WHAT IS BEING ASKED
Determine how many lines below contain the word "operatorname", then state only that figure.
** DATA EXTRACTS follows **
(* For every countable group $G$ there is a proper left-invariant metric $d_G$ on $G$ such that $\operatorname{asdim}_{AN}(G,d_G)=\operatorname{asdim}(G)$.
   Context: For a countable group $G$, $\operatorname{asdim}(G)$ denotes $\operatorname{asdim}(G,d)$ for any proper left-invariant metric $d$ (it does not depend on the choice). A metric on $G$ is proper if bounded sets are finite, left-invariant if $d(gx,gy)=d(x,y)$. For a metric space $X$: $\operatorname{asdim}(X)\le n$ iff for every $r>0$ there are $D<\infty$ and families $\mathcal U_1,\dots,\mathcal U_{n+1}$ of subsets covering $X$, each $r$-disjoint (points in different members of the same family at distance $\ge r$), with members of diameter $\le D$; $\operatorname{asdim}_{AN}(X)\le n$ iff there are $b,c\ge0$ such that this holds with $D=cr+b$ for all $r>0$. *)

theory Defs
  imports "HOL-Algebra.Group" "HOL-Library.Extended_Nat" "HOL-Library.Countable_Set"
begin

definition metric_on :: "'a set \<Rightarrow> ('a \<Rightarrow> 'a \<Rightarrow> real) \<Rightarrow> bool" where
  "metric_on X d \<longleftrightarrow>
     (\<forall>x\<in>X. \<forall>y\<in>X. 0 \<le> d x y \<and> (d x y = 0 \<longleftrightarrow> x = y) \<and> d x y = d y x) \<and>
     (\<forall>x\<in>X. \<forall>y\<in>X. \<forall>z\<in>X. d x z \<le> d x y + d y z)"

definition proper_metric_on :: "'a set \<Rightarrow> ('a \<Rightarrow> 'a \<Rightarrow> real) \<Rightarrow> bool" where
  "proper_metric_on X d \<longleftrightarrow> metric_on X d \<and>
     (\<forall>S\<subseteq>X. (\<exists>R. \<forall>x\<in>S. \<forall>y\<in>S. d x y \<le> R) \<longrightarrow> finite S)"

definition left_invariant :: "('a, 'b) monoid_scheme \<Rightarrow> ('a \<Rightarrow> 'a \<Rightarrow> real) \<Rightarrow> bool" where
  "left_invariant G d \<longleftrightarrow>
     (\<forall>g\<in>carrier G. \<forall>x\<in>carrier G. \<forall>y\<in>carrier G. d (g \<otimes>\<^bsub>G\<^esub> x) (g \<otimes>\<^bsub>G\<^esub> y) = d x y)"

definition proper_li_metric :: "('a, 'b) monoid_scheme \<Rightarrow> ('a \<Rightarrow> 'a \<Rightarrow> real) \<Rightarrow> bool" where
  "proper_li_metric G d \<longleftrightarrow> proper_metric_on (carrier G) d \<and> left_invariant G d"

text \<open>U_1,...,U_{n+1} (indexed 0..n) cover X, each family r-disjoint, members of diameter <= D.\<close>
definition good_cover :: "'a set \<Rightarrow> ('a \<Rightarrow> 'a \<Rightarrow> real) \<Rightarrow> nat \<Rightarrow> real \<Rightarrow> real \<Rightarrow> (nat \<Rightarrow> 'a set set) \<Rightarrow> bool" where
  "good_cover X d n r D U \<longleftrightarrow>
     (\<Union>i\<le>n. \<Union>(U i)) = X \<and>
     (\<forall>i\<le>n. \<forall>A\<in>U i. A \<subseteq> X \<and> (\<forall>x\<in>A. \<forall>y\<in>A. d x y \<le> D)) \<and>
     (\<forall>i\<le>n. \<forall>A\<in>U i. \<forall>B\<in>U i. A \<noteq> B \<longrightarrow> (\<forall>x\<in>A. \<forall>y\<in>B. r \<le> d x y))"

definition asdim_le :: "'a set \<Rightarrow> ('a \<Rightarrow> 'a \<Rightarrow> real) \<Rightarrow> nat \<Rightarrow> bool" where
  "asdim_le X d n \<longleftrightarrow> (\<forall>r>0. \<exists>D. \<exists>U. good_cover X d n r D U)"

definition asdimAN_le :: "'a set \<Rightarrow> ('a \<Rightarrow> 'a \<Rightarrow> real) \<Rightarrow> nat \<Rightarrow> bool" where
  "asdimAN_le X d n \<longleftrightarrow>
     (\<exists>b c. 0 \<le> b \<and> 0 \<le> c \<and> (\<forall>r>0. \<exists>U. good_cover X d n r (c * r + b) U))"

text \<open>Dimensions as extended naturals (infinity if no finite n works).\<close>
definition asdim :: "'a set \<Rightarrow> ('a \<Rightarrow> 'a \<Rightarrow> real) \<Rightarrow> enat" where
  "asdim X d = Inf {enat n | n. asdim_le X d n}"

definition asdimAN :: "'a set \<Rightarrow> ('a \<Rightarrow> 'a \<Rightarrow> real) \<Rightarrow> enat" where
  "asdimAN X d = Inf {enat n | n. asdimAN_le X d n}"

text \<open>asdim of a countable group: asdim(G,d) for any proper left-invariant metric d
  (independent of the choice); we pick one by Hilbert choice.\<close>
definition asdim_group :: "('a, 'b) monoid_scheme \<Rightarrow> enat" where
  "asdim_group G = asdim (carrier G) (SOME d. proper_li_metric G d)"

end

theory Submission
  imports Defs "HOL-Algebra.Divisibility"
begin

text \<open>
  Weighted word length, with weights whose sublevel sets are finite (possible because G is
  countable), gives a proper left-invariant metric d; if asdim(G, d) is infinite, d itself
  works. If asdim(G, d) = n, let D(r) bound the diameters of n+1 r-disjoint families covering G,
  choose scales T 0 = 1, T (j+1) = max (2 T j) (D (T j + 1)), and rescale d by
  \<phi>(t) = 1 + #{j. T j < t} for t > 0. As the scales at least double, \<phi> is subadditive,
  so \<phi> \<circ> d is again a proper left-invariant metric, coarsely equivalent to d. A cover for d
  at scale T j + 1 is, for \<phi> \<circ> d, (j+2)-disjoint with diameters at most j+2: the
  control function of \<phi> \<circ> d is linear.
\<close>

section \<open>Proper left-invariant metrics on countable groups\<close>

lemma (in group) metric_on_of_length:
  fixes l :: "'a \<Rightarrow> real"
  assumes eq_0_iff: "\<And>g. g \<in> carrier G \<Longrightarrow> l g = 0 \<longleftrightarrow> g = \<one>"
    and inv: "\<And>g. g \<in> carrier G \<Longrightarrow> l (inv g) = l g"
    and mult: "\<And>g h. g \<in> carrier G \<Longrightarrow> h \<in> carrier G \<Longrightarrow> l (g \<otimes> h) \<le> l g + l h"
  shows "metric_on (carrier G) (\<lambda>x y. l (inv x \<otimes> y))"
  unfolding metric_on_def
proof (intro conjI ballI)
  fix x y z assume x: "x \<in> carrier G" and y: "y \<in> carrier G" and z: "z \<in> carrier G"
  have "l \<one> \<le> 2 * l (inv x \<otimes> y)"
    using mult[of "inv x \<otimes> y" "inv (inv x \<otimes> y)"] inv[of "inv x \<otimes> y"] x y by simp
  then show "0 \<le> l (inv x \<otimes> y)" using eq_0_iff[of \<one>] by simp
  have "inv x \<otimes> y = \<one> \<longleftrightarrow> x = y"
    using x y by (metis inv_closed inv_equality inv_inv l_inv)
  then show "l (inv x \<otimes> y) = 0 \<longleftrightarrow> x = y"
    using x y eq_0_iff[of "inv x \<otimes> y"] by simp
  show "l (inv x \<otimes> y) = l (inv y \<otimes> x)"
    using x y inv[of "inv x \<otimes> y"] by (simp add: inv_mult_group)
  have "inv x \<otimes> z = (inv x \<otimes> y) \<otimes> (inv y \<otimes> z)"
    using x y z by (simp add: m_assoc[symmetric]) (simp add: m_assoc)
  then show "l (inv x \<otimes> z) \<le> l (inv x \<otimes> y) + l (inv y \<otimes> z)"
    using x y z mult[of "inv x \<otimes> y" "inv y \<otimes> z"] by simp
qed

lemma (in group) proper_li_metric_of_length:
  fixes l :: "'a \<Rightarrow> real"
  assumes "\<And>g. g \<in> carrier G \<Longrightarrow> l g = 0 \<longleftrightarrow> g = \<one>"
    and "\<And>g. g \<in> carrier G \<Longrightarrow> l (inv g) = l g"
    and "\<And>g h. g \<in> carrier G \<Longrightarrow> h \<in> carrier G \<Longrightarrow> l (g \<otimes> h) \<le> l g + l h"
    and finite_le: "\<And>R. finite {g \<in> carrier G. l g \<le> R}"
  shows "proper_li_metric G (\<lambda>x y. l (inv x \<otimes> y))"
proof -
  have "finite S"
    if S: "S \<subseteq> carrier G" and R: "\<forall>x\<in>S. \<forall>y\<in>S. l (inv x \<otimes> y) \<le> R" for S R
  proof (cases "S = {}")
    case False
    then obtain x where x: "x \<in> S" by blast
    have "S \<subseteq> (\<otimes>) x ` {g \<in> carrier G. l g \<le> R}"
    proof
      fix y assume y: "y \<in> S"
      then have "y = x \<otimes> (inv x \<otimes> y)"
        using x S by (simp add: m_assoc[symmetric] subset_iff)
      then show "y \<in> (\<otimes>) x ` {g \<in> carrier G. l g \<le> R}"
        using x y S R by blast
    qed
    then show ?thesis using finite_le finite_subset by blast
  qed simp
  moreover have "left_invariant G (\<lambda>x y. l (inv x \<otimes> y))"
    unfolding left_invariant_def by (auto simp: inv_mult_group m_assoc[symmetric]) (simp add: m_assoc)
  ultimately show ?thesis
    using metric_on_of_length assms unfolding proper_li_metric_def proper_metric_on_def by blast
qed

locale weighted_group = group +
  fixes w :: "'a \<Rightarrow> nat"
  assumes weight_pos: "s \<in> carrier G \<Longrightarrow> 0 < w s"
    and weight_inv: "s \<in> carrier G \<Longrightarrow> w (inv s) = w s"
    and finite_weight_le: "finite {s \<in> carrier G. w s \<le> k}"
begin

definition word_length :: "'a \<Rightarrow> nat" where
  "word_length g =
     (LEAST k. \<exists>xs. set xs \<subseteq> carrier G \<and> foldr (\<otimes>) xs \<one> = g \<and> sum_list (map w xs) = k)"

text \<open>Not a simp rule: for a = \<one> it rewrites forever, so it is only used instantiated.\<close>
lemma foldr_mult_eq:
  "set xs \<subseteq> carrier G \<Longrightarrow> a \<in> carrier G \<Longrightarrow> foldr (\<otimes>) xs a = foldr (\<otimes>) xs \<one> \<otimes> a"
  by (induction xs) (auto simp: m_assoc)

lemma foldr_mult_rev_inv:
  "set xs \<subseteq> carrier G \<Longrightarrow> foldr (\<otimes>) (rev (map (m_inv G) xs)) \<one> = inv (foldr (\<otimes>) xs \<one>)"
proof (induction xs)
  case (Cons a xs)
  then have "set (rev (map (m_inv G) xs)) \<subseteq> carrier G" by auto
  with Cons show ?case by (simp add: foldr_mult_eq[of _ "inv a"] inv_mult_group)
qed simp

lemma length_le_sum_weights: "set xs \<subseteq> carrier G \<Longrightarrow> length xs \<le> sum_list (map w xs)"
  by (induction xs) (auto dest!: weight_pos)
** End of DATA EXTRACTS **
RESPONSE BOX
2